* WHAT IS EXPECTED *
Where a line contains the word "this", copy that line from the records below.

* SUPPLIED RECORDS *
──────────────────────────────

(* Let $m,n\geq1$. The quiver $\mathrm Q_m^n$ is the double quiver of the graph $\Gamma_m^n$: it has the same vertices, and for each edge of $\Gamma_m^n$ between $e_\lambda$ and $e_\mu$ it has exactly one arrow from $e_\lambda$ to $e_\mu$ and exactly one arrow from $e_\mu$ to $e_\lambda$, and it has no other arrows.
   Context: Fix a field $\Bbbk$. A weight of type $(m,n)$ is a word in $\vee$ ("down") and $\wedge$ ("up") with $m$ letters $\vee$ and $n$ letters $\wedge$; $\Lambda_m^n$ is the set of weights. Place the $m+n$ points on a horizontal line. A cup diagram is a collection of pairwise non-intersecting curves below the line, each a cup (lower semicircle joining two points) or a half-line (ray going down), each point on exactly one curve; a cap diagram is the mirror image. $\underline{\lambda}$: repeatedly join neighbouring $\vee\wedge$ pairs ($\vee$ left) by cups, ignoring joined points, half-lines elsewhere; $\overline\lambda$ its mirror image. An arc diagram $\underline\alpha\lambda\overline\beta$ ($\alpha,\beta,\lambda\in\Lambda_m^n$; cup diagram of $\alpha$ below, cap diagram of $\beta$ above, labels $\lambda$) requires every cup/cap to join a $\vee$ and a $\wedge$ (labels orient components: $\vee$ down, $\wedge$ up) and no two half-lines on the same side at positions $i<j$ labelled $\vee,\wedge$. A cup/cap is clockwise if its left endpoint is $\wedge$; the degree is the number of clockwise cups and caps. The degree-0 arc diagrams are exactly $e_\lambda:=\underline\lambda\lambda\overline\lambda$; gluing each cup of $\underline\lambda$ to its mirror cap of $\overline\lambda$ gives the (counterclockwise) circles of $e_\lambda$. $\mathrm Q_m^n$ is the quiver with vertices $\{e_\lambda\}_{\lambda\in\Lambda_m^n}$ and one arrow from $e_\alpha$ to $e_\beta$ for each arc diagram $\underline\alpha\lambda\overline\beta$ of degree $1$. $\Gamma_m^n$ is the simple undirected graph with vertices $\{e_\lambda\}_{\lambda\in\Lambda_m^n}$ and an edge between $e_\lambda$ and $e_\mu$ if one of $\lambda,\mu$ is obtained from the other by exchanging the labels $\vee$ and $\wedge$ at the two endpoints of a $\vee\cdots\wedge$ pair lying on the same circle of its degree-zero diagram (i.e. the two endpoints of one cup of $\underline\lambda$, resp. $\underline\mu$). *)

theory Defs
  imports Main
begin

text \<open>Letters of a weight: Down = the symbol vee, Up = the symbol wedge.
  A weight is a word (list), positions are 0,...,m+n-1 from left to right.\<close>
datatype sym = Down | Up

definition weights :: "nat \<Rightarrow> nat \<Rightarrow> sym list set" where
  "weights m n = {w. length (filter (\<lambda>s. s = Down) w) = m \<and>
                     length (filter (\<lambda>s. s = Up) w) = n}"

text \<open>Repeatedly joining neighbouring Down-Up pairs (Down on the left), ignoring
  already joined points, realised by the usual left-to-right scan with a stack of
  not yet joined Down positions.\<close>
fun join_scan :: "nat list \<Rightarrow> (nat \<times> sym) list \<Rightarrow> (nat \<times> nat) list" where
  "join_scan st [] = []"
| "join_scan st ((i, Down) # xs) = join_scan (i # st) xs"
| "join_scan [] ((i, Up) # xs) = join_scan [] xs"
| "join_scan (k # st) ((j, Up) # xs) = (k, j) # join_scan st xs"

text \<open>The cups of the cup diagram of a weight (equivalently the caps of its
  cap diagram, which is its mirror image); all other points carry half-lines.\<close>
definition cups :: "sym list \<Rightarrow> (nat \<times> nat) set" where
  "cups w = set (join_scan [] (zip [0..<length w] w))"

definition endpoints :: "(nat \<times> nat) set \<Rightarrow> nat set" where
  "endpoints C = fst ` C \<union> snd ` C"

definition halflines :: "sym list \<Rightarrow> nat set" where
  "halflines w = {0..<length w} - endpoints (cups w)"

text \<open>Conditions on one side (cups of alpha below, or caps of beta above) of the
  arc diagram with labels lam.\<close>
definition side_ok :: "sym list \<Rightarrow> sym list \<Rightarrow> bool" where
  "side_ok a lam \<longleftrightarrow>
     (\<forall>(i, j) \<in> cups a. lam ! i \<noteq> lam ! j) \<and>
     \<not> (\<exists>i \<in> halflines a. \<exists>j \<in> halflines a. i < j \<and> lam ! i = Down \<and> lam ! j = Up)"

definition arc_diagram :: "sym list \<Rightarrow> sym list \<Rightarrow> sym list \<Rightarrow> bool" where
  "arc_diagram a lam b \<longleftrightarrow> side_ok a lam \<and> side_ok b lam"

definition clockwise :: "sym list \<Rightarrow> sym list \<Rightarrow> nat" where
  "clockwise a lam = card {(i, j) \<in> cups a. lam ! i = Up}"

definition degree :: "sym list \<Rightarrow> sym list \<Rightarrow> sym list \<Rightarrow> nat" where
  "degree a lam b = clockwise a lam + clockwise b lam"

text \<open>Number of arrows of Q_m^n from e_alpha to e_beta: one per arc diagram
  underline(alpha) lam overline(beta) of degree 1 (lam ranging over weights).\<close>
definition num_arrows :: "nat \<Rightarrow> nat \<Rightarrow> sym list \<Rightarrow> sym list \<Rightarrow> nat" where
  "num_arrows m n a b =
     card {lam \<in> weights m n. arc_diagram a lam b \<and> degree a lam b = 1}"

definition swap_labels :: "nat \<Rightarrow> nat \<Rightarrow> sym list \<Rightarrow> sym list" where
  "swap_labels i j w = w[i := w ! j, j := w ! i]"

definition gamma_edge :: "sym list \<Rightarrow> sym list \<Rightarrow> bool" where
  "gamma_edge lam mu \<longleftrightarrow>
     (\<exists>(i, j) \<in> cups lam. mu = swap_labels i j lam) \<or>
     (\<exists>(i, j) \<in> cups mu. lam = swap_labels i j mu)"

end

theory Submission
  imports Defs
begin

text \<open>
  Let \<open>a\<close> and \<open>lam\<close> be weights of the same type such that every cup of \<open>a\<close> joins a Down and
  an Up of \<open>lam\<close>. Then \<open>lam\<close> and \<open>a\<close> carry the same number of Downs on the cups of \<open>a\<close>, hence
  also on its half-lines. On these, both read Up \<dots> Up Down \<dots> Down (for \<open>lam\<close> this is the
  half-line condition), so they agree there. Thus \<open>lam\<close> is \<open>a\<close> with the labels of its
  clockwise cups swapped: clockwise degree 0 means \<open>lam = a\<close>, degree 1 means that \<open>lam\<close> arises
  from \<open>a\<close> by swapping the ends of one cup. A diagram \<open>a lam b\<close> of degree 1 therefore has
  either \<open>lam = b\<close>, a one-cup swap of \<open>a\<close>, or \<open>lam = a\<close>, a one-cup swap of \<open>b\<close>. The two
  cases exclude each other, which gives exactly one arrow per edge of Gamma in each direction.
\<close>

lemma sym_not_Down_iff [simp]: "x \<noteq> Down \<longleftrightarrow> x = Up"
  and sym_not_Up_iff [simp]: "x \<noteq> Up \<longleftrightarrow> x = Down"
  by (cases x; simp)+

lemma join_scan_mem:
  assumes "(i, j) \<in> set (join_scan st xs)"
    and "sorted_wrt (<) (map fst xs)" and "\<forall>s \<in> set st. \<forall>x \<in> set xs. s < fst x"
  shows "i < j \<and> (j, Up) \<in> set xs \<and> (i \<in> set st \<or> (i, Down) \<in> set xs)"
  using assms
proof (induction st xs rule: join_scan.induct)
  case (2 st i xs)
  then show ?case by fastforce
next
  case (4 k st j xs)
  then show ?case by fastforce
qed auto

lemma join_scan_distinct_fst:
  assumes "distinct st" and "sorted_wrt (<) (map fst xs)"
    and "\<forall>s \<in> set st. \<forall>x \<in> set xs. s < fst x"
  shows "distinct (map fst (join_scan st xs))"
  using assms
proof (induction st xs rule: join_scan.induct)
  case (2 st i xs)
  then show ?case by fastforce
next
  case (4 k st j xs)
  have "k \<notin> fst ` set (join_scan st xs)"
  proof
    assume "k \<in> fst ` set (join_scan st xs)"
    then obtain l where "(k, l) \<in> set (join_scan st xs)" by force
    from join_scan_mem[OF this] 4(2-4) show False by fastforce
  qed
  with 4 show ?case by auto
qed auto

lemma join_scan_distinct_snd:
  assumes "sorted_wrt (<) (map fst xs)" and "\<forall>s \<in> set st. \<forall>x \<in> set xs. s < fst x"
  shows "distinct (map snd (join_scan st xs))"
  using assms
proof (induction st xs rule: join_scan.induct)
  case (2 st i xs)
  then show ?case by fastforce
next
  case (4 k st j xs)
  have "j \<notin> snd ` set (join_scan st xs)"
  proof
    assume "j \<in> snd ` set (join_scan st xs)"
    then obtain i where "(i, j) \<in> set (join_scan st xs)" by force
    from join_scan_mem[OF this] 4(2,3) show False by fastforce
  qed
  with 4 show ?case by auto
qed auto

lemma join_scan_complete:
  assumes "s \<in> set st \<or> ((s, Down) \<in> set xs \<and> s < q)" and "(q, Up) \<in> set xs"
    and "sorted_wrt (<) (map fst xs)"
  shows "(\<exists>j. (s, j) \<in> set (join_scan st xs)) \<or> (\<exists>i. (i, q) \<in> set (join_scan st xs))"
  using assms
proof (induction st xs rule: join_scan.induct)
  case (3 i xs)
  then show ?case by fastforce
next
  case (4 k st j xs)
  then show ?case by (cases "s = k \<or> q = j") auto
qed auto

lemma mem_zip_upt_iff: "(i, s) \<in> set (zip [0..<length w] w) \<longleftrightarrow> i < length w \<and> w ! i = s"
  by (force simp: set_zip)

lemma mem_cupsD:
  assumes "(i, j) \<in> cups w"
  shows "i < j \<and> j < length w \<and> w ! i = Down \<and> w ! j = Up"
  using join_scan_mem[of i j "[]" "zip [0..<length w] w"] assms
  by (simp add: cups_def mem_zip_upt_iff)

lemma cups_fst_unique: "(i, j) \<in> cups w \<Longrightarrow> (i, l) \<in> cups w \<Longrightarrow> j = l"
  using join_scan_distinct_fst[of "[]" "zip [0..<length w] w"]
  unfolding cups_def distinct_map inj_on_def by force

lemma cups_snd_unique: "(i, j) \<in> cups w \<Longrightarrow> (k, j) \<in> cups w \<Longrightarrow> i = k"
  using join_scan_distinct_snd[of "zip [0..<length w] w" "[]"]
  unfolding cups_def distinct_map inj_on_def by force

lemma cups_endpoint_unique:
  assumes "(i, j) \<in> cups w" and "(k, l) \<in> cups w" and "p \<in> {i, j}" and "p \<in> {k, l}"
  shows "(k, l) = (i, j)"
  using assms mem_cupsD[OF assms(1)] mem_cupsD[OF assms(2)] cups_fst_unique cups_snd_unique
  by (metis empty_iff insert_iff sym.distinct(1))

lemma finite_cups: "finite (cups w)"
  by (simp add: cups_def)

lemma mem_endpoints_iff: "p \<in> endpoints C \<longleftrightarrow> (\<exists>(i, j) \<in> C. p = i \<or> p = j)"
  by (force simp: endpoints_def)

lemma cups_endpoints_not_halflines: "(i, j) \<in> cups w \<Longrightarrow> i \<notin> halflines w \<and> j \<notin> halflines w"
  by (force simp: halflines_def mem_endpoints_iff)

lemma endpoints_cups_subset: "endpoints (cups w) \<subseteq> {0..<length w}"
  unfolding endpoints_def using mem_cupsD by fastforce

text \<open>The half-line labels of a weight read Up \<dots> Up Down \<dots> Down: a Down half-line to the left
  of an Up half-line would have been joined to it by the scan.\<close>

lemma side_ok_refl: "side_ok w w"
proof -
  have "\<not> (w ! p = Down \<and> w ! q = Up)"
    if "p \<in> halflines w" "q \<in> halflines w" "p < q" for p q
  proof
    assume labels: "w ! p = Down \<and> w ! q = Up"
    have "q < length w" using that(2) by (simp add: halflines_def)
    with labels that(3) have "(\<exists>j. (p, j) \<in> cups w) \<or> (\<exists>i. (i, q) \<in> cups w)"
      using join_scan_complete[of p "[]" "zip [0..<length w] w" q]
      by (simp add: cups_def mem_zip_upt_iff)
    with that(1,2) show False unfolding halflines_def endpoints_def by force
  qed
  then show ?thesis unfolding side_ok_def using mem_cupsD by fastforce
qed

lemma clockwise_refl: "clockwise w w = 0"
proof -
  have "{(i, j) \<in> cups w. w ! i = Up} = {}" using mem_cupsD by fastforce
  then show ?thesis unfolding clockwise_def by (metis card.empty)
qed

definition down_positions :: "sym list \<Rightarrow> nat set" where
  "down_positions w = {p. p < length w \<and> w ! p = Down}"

──────────────────────────────

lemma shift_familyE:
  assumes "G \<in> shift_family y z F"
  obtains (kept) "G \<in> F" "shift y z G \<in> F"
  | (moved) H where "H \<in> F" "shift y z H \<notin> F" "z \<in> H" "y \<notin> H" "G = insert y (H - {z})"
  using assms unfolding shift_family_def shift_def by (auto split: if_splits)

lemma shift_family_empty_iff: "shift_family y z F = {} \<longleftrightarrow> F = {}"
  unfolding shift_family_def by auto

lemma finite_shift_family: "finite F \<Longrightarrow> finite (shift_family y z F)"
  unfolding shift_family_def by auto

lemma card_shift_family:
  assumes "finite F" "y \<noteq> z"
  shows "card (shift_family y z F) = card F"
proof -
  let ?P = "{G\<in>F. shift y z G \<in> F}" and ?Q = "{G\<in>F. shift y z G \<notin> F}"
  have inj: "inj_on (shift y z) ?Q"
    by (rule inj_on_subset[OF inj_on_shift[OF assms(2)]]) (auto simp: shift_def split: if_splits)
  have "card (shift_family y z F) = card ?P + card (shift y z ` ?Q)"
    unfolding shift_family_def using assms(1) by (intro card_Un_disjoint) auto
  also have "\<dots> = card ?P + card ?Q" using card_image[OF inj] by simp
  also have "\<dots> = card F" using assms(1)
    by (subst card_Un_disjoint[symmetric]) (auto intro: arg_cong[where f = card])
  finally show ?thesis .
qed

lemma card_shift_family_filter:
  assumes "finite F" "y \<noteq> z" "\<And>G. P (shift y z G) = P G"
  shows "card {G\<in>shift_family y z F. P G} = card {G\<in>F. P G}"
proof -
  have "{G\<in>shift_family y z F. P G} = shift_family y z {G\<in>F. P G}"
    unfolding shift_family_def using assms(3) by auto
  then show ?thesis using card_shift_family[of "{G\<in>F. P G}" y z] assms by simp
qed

──────────────────────────────

* EXERCISE OUTPUT *
  also on its half-lines. On these, both read Up \<dots> Up Down \<dots> Down (for \<open>lam\<close> this is the
    from join_scan_mem[OF this] 4(2-4) show False by fastforce
    from join_scan_mem[OF this] 4(2,3) show False by fastforce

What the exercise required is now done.